Try it: Please give the number of lines that hold the string "multiplicity" in the listing, without any other words.

Supplied entries:
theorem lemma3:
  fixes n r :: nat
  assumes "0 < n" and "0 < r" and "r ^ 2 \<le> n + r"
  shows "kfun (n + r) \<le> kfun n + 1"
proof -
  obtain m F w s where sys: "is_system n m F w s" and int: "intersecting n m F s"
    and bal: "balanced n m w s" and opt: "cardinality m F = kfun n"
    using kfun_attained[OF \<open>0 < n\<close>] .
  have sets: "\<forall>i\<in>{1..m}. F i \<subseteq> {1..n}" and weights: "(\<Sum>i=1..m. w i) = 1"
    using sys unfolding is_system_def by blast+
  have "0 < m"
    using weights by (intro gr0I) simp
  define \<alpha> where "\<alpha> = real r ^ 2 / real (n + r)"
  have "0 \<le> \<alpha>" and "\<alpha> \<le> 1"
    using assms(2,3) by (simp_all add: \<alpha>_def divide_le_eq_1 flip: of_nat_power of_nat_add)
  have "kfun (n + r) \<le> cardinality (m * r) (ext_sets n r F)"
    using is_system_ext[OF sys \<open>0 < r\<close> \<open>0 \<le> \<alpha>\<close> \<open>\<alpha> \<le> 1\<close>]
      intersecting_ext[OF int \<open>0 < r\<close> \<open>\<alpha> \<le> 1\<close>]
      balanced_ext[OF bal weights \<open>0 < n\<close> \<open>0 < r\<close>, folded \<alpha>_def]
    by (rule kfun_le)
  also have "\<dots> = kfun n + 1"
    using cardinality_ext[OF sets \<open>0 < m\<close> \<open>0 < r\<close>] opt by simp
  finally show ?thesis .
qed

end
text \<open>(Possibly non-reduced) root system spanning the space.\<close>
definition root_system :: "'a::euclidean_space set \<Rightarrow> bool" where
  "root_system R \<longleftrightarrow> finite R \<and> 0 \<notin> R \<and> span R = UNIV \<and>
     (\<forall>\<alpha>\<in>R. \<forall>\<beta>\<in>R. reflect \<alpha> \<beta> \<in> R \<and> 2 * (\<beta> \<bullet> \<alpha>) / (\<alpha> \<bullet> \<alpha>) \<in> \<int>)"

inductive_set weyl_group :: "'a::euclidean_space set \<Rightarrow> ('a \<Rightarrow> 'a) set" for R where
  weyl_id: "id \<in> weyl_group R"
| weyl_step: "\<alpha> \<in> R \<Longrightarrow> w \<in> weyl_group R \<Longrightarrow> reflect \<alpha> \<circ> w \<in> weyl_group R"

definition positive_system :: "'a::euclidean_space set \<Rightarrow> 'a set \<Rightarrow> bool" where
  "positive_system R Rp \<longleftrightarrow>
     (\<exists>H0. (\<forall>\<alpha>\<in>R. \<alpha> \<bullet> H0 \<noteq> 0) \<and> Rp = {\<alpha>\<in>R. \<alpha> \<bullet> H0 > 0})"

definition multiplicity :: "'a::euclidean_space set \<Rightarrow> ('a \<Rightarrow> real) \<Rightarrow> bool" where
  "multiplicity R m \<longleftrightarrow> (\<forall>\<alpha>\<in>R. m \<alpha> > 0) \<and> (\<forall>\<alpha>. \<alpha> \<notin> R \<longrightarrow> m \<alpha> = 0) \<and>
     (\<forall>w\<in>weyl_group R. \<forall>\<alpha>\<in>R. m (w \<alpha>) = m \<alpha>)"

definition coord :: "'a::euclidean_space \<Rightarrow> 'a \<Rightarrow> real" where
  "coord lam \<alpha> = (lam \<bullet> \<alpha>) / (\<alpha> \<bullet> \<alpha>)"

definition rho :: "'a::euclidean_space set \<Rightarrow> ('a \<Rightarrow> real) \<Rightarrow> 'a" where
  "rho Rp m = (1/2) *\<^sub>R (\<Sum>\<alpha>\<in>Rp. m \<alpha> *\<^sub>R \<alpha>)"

Output of the task: 2